:: Assignment ::
Word by word and line by line, write out all of the records.

:: Supplied entries ::
lemma value_own_signal_gain_le:
  assumes i: "i < n" and T: "T \<noteq> {}" "T \<subseteq> {..<m}" and s: "s \<in> profiles n k"
  shows "v i T s - v i T (s(i := 0))
     \<le> d * (\<Sum>l\<in>{1..<k}. if l \<le> s i then v i T (RT_signals n l s) else 0)"
proof -
  let ?z = "\<lambda>l. RT_signals n l s" and ?g = "\<lambda>l. v i T (s(i := l))"
  have sik: "s i < k"
    using s i by (simp add: profiles_def)
  have increment: "?g l - ?g (l - 1) \<le> d * v i T (?z l)" if l: "1 \<le> l" "l \<le> s i" for l
  proof -
    have z: "?z l \<in> profiles n k" "(?z l)(i := l - 1) \<in> profiles n k"
      using s l sik by (auto simp: profiles_def RT_signals_def RT_bidders_def)
    have "s(i := l - 1) \<in> profiles n k"
      using s i l sik by (auto simp: profiles_def)
    \<comment> \<open>\<open>RT_signals n l s\<close> is \<open>l\<close> at \<open>i\<close> and below \<open>s\<close> elsewhere: the smaller profile for \<open>d\<close>-SOS\<close>
    from value_sos[OF i T this z(1) i, of 1]
    have "?g l - ?g (l - 1) \<le> d * (v i T (?z l) - v i T ((?z l)(i := l - 1)))"
      using l sik by (simp add: RT_signals_def RT_bidders_def fun_upd_idem i)
    moreover have "0 \<le> d * v i T ((?z l)(i := l - 1))"
      using value_nonneg[OF i T z(2)] d_nonneg by simp
    ultimately show ?thesis
      by (simp add: right_diff_distrib)
  qed
  have "{l \<in> {1..<k}. l \<le> s i} = {1..s i}"
    using sik by auto
  then have "v i T s - v i T (s(i := 0)) = (\<Sum>l\<in>{1..<k}. if l \<le> s i then ?g l - ?g (l - 1) else 0)"
    using sum_telescope''[of 0 "s i" ?g] by (simp add: sum.inter_filter[symmetric])
  also have "\<dots> \<le> (\<Sum>l\<in>{1..<k}. if l \<le> s i then d * v i T (?z l) else 0)"
    by (rule sum_mono) (use increment in auto)
  finally show ?thesis
    by (simp add: sum_distrib_left if_distrib cong: if_cong)
qed

lemma own_signal_gain_le_RT_welfare:
  assumes sel: "is_max_selector n m sel" and s: "s \<in> profiles n k" and X: "feasible_alloc m {..<n} X"
  shows "(\<Sum>i<n. (if X i = {} then 0 else v i (X i) s) - (if X i = {} then 0 else v i (X i) (s(i := 0))))
     \<le> d * (\<Sum>l\<in>{1..<k}. true_welfare n v s (RT_alloc n v sel l s))"
proof -
  let ?t = "\<lambda>i l. if X i = {} then 0 else if l \<le> s i then v i (X i) (RT_signals n l s) else 0"
  have per_threshold: "(\<Sum>i<n. ?t i l) \<le> true_welfare n v s (RT_alloc n v sel l s)"
    if l: "l \<in> {1..<k}" for l
  proof -
    have z: "RT_signals n l s \<in> profiles n k" "\<forall>j. RT_signals n l s j \<le> s j"
      using s l by (auto simp: profiles_def RT_signals_def RT_bidders_def)
    have "(\<Sum>i<n. ?t i l) = (\<Sum>i\<in>RT_bidders n l s. if X i = {} then 0 else v i (X i) (RT_signals n l s))"
      by (rule sum.mono_neutral_cong_right) (auto simp: RT_bidders_def)
    also have "\<dots> \<le> true_welfare n v s (RT_alloc n v sel l s)"
      unfolding RT_alloc_eq
      by (rule welfare_le_selected_welfare[OF sel _ X z(1) s z(2)]) (auto simp: RT_bidders_def)
    finally show ?thesis .
  qed
  have per_agent: "(if X i = {} then 0 else v i (X i) s) - (if X i = {} then 0 else v i (X i) (s(i := 0)))
      \<le> d * (\<Sum>l\<in>{1..<k}. ?t i l)" if i: "i < n" for i
    using value_own_signal_gain_le[OF i _ _ s, of "X i"] X
    by (cases "X i = {}") (auto simp: feasible_alloc_def)
  have "(\<Sum>i<n. (if X i = {} then 0 else v i (X i) s) - (if X i = {} then 0 else v i (X i) (s(i := 0))))
      \<le> (\<Sum>i<n. d * (\<Sum>l\<in>{1..<k}. ?t i l))"
    by (rule sum_mono) (use per_agent in auto)
  also have "\<dots> = d * (\<Sum>l\<in>{1..<k}. \<Sum>i<n. ?t i l)"
    by (simp add: sum_distrib_left[symmetric] sum.swap[of _ "{..<n}"])
  also have "\<dots> \<le> d * (\<Sum>l\<in>{1..<k}. true_welfare n v s (RT_alloc n v sel l s))"
    using d_nonneg by (intro mult_left_mono sum_mono per_threshold) auto
  finally show ?thesis .
qed

lemma value_zeroed_le_split:
  assumes i: "i < n" and T: "T \<noteq> {}" "T \<subseteq> {..<m}" and s: "s \<in> profiles n k"
    and A: "A \<subseteq> {..<n} - {i}"
  shows "v i T (s(i := 0))
     \<le> v i T (override_on (\<lambda>_. 0) s A) + d * v i T (override_on (\<lambda>_. 0) s ({..<n} - {i} - A))"
proof -
  let ?C = "{..<n} - {i} - A"
  have "override_on (override_on (\<lambda>_. 0) s A) s ?C = s(i := 0)"
    using s A i by (auto simp: override_on_def fun_eq_iff profiles_def)
  moreover have "v i T (override_on (override_on (\<lambda>_. 0) s A) s ?C) - v i T (override_on (\<lambda>_. 0) s A)
      \<le> d * (v i T (override_on (\<lambda>_. 0) s ?C) - v i T (\<lambda>_. 0))"
    by (rule value_increment_override_le[OF i T zero_profile override_zero_profile[OF s] s])
      (use A in \<open>auto simp: override_on_def\<close>)
  moreover have "0 \<le> d * v i T (\<lambda>_. 0)"
    using value_nonneg[OF i T zero_profile] d_nonneg by simp
  ultimately show ?thesis
    by (simp add: right_diff_distrib)
qed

:: Solution for this task ::
lemma value_own_signal_gain_le:
  assumes i: "i < n" and T: "T \<noteq> {}" "T \<subseteq> {..<m}" and s: "s \<in> profiles n k"
  shows "v i T s - v i T (s(i := 0))
     \<le> d * (\<Sum>l\<in>{1..<k}. if l \<le> s i then v i T (RT_signals n l s) else 0)"
proof -
  let ?z = "\<lambda>l. RT_signals n l s" and ?g = "\<lambda>l. v i T (s(i := l))"
  have sik: "s i < k"
    using s i by (simp add: profiles_def)
  have increment: "?g l - ?g (l - 1) \<le> d * v i T (?z l)" if l: "1 \<le> l" "l \<le> s i" for l
  proof -
    have z: "?z l \<in> profiles n k" "(?z l)(i := l - 1) \<in> profiles n k"
      using s l sik by (auto simp: profiles_def RT_signals_def RT_bidders_def)
    have "s(i := l - 1) \<in> profiles n k"
      using s i l sik by (auto simp: profiles_def)
    \<comment> \<open>\<open>RT_signals n l s\<close> is \<open>l\<close> at \<open>i\<close> and below \<open>s\<close> elsewhere: the smaller profile for \<open>d\<close>-SOS\<close>
    from value_sos[OF i T this z(1) i, of 1]
    have "?g l - ?g (l - 1) \<le> d * (v i T (?z l) - v i T ((?z l)(i := l - 1)))"
      using l sik by (simp add: RT_signals_def RT_bidders_def fun_upd_idem i)
    moreover have "0 \<le> d * v i T ((?z l)(i := l - 1))"
      using value_nonneg[OF i T z(2)] d_nonneg by simp
    ultimately show ?thesis
      by (simp add: right_diff_distrib)
  qed
  have "{l \<in> {1..<k}. l \<le> s i} = {1..s i}"
    using sik by auto
  then have "v i T s - v i T (s(i := 0)) = (\<Sum>l\<in>{1..<k}. if l \<le> s i then ?g l - ?g (l - 1) else 0)"
    using sum_telescope''[of 0 "s i" ?g] by (simp add: sum.inter_filter[symmetric])
  also have "\<dots> \<le> (\<Sum>l\<in>{1..<k}. if l \<le> s i then d * v i T (?z l) else 0)"
    by (rule sum_mono) (use increment in auto)
  finally show ?thesis
    by (simp add: sum_distrib_left if_distrib cong: if_cong)
qed

lemma own_signal_gain_le_RT_welfare:
  assumes sel: "is_max_selector n m sel" and s: "s \<in> profiles n k" and X: "feasible_alloc m {..<n} X"
  shows "(\<Sum>i<n. (if X i = {} then 0 else v i (X i) s) - (if X i = {} then 0 else v i (X i) (s(i := 0))))
     \<le> d * (\<Sum>l\<in>{1..<k}. true_welfare n v s (RT_alloc n v sel l s))"
proof -
  let ?t = "\<lambda>i l. if X i = {} then 0 else if l \<le> s i then v i (X i) (RT_signals n l s) else 0"
  have per_threshold: "(\<Sum>i<n. ?t i l) \<le> true_welfare n v s (RT_alloc n v sel l s)"
    if l: "l \<in> {1..<k}" for l
  proof -
    have z: "RT_signals n l s \<in> profiles n k" "\<forall>j. RT_signals n l s j \<le> s j"
      using s l by (auto simp: profiles_def RT_signals_def RT_bidders_def)
    have "(\<Sum>i<n. ?t i l) = (\<Sum>i\<in>RT_bidders n l s. if X i = {} then 0 else v i (X i) (RT_signals n l s))"
      by (rule sum.mono_neutral_cong_right) (auto simp: RT_bidders_def)
    also have "\<dots> \<le> true_welfare n v s (RT_alloc n v sel l s)"
      unfolding RT_alloc_eq
      by (rule welfare_le_selected_welfare[OF sel _ X z(1) s z(2)]) (auto simp: RT_bidders_def)
    finally show ?thesis .
  qed
  have per_agent: "(if X i = {} then 0 else v i (X i) s) - (if X i = {} then 0 else v i (X i) (s(i := 0)))
      \<le> d * (\<Sum>l\<in>{1..<k}. ?t i l)" if i: "i < n" for i
    using value_own_signal_gain_le[OF i _ _ s, of "X i"] X
    by (cases "X i = {}") (auto simp: feasible_alloc_def)
  have "(\<Sum>i<n. (if X i = {} then 0 else v i (X i) s) - (if X i = {} then 0 else v i (X i) (s(i := 0))))
      \<le> (\<Sum>i<n. d * (\<Sum>l\<in>{1..<k}. ?t i l))"
    by (rule sum_mono) (use per_agent in auto)
  also have "\<dots> = d * (\<Sum>l\<in>{1..<k}. \<Sum>i<n. ?t i l)"
    by (simp add: sum_distrib_left[symmetric] sum.swap[of _ "{..<n}"])
  also have "\<dots> \<le> d * (\<Sum>l\<in>{1..<k}. true_welfare n v s (RT_alloc n v sel l s))"
    using d_nonneg by (intro mult_left_mono sum_mono per_threshold) auto
  finally show ?thesis .
qed

lemma value_zeroed_le_split:
  assumes i: "i < n" and T: "T \<noteq> {}" "T \<subseteq> {..<m}" and s: "s \<in> profiles n k"
    and A: "A \<subseteq> {..<n} - {i}"
  shows "v i T (s(i := 0))
     \<le> v i T (override_on (\<lambda>_. 0) s A) + d * v i T (override_on (\<lambda>_. 0) s ({..<n} - {i} - A))"
proof -
  let ?C = "{..<n} - {i} - A"
  have "override_on (override_on (\<lambda>_. 0) s A) s ?C = s(i := 0)"
    using s A i by (auto simp: override_on_def fun_eq_iff profiles_def)
  moreover have "v i T (override_on (override_on (\<lambda>_. 0) s A) s ?C) - v i T (override_on (\<lambda>_. 0) s A)
      \<le> d * (v i T (override_on (\<lambda>_. 0) s ?C) - v i T (\<lambda>_. 0))"
    by (rule value_increment_override_le[OF i T zero_profile override_zero_profile[OF s] s])
      (use A in \<open>auto simp: override_on_def\<close>)
  moreover have "0 \<le> d * v i T (\<lambda>_. 0)"
    using value_nonneg[OF i T zero_profile] d_nonneg by simp
  ultimately show ?thesis
    by (simp add: right_diff_distrib)
qed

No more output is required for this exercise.